* [Instructions to follow]: Every line below that contains the word "auto" must be copied.
*** Records for processing Section Begins ***
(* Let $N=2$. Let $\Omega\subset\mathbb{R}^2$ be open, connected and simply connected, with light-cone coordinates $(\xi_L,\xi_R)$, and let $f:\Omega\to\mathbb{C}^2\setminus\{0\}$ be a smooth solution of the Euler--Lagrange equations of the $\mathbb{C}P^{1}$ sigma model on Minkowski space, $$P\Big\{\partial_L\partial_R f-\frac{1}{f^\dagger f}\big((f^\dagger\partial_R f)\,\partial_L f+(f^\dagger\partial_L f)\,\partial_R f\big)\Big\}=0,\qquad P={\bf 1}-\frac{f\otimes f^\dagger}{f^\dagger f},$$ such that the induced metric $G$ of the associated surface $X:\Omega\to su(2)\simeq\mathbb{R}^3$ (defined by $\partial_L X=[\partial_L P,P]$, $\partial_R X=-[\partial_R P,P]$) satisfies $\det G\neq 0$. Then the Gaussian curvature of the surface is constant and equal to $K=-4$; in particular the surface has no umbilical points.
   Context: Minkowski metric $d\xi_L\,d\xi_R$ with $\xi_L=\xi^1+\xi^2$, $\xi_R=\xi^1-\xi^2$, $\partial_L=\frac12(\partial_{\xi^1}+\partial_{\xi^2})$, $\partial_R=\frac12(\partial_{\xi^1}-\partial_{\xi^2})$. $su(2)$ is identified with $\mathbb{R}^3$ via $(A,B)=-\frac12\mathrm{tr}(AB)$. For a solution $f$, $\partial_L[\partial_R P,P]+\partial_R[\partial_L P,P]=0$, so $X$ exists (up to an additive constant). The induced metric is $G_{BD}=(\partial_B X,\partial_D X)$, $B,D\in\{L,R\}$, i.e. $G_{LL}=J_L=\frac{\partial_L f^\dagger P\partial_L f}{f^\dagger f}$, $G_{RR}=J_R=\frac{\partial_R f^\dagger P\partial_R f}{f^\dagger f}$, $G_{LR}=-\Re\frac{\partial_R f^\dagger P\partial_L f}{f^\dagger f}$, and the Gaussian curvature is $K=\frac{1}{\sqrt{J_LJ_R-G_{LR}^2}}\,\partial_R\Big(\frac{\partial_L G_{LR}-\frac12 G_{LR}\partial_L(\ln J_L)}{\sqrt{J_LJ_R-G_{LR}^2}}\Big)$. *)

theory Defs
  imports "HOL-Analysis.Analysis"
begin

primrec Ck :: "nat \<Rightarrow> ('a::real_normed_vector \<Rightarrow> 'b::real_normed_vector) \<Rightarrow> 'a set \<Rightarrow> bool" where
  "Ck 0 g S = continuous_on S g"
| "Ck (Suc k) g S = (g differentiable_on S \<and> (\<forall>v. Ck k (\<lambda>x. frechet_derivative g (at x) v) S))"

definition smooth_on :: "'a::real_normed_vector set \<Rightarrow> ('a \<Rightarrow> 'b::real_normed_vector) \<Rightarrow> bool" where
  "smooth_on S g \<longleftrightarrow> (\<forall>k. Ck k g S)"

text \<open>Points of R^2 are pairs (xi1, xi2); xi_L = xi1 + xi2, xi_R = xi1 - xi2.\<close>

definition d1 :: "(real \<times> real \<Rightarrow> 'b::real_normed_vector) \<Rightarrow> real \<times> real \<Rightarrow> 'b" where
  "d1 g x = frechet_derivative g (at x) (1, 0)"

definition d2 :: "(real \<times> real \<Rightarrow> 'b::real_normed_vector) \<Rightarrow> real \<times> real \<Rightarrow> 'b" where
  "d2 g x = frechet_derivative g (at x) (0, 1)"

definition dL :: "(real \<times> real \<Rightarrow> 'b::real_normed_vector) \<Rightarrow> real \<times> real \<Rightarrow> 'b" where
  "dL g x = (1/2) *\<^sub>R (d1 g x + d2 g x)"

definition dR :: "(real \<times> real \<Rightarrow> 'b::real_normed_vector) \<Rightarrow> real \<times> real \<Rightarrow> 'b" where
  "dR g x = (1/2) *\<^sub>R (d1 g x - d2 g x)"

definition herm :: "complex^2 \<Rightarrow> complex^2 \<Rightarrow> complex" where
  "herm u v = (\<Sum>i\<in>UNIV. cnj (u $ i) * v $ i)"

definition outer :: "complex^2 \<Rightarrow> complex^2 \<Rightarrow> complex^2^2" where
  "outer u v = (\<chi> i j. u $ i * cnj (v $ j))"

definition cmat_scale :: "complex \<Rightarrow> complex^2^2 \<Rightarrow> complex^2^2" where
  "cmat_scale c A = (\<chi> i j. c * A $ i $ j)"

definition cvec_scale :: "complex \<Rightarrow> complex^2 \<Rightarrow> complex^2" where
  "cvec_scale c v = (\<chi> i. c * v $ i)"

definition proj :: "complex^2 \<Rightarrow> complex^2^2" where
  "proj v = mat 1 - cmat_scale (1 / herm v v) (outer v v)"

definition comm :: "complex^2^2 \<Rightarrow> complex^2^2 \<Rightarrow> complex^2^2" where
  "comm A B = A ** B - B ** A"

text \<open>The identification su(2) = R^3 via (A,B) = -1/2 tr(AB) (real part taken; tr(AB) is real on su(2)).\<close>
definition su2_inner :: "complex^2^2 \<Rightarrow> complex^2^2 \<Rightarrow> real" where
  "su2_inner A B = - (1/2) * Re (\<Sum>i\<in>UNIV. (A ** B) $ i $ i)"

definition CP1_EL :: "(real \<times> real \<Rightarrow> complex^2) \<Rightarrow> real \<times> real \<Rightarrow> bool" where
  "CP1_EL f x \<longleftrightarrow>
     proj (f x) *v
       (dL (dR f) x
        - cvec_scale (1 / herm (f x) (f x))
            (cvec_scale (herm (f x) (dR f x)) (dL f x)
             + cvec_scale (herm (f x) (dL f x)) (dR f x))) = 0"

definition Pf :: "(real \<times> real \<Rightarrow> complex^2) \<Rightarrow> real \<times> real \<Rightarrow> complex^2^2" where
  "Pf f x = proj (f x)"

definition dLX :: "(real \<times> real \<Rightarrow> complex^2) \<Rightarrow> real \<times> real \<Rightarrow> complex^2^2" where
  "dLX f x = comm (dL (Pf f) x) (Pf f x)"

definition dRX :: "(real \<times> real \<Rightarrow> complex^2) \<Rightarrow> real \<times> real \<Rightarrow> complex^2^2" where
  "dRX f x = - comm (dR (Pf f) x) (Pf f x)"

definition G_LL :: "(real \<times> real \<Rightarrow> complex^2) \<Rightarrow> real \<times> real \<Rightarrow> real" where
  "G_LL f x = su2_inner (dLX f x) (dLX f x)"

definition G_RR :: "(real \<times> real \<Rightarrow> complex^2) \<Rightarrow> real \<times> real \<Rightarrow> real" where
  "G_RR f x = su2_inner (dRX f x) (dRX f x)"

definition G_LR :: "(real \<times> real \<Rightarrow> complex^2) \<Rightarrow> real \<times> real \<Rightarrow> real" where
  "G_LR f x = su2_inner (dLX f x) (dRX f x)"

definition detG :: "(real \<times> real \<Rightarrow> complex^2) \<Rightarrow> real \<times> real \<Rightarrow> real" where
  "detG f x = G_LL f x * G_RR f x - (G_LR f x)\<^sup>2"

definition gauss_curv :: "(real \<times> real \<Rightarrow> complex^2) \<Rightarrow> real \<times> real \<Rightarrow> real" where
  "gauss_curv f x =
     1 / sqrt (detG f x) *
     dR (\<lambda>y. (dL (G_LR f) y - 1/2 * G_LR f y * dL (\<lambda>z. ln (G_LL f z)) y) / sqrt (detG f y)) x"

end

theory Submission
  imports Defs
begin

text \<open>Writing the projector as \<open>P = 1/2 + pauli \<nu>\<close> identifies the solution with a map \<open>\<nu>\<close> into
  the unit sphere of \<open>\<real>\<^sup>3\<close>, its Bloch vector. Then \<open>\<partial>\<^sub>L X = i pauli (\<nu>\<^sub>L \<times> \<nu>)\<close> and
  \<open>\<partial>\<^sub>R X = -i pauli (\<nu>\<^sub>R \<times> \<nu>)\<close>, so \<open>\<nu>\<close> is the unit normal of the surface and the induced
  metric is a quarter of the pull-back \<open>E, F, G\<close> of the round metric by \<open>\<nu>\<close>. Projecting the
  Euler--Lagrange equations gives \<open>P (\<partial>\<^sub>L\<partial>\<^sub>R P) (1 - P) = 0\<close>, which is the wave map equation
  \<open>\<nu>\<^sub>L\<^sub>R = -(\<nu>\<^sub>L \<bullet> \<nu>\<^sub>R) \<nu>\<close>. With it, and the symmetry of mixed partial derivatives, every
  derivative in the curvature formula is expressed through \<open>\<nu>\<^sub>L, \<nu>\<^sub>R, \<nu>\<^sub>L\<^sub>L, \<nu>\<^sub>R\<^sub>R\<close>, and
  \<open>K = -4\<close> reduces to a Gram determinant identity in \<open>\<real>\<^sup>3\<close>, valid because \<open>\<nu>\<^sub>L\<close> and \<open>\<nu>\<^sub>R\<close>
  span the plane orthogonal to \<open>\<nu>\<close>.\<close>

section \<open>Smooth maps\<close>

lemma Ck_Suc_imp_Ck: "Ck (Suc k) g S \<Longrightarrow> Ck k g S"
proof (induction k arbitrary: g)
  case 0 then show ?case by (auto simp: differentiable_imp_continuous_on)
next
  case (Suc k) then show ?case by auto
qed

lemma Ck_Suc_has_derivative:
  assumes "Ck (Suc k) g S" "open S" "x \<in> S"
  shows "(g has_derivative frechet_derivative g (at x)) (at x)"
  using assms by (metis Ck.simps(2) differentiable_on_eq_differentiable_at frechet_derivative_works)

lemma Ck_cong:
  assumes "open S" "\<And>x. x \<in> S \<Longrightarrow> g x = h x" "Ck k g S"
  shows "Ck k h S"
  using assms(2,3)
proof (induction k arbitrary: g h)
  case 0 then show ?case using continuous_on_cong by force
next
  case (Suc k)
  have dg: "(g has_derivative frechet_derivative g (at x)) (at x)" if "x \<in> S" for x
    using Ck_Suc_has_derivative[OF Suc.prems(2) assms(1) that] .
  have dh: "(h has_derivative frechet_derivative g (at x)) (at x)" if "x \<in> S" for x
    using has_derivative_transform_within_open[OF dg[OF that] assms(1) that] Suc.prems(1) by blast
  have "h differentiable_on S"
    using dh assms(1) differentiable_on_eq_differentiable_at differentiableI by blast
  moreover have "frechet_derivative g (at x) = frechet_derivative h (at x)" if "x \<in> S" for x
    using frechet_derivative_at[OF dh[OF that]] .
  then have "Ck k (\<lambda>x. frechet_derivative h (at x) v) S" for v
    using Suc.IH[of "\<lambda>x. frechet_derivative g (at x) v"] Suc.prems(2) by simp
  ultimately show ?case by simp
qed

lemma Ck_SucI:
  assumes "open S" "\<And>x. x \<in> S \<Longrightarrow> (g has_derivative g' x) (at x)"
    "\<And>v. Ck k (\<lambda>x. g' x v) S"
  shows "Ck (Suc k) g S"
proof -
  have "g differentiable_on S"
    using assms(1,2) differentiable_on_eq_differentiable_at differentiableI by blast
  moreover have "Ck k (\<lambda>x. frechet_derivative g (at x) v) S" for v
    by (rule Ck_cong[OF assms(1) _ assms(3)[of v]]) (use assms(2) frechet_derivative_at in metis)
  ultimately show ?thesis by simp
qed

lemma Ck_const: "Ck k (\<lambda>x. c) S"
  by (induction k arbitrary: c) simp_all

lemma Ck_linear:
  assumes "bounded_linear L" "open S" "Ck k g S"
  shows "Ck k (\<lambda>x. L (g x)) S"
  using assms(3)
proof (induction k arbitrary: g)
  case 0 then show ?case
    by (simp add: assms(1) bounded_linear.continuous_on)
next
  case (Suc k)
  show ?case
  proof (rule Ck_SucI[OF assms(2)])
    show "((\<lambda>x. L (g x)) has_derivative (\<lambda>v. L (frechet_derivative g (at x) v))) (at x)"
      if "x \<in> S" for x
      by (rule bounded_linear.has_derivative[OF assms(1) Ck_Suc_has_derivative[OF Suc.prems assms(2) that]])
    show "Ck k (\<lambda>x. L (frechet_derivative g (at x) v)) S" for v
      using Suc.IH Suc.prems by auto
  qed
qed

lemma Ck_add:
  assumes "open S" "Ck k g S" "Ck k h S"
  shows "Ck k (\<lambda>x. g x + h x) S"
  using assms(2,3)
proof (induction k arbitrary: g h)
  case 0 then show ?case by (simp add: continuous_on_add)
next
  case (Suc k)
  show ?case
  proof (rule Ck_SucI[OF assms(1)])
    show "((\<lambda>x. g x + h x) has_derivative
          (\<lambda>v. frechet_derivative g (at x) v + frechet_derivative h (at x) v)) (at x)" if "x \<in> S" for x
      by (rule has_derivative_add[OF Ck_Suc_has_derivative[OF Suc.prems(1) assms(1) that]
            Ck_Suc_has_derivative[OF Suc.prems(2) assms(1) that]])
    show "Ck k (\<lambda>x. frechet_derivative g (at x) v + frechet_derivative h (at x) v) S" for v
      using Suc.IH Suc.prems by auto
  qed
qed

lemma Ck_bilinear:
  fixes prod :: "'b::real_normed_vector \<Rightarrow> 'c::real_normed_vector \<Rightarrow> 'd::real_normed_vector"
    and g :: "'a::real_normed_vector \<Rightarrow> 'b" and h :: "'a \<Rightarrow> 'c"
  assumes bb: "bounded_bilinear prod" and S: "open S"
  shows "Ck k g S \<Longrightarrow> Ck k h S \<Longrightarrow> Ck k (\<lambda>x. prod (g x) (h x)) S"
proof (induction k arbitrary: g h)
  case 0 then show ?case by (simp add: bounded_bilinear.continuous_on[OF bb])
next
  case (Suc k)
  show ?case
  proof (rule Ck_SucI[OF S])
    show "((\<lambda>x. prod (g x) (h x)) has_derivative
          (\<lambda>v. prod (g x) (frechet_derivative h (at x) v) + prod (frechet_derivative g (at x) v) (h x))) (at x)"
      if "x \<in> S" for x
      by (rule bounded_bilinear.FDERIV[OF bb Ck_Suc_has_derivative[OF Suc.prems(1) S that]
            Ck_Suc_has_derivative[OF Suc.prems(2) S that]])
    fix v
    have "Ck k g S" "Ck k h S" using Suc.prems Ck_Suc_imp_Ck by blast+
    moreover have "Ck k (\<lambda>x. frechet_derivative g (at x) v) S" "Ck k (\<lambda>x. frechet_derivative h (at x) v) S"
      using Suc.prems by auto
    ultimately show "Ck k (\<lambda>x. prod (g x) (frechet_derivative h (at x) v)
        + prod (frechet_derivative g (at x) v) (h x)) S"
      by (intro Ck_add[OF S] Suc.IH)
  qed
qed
*** Records for processing Section Ends ***
* [Result of the task]:
  case 0 then show ?case by (auto simp: differentiable_imp_continuous_on)
  case (Suc k) then show ?case by auto
      using Suc.IH Suc.prems by auto
      using Suc.IH Suc.prems by auto
      using Suc.prems by auto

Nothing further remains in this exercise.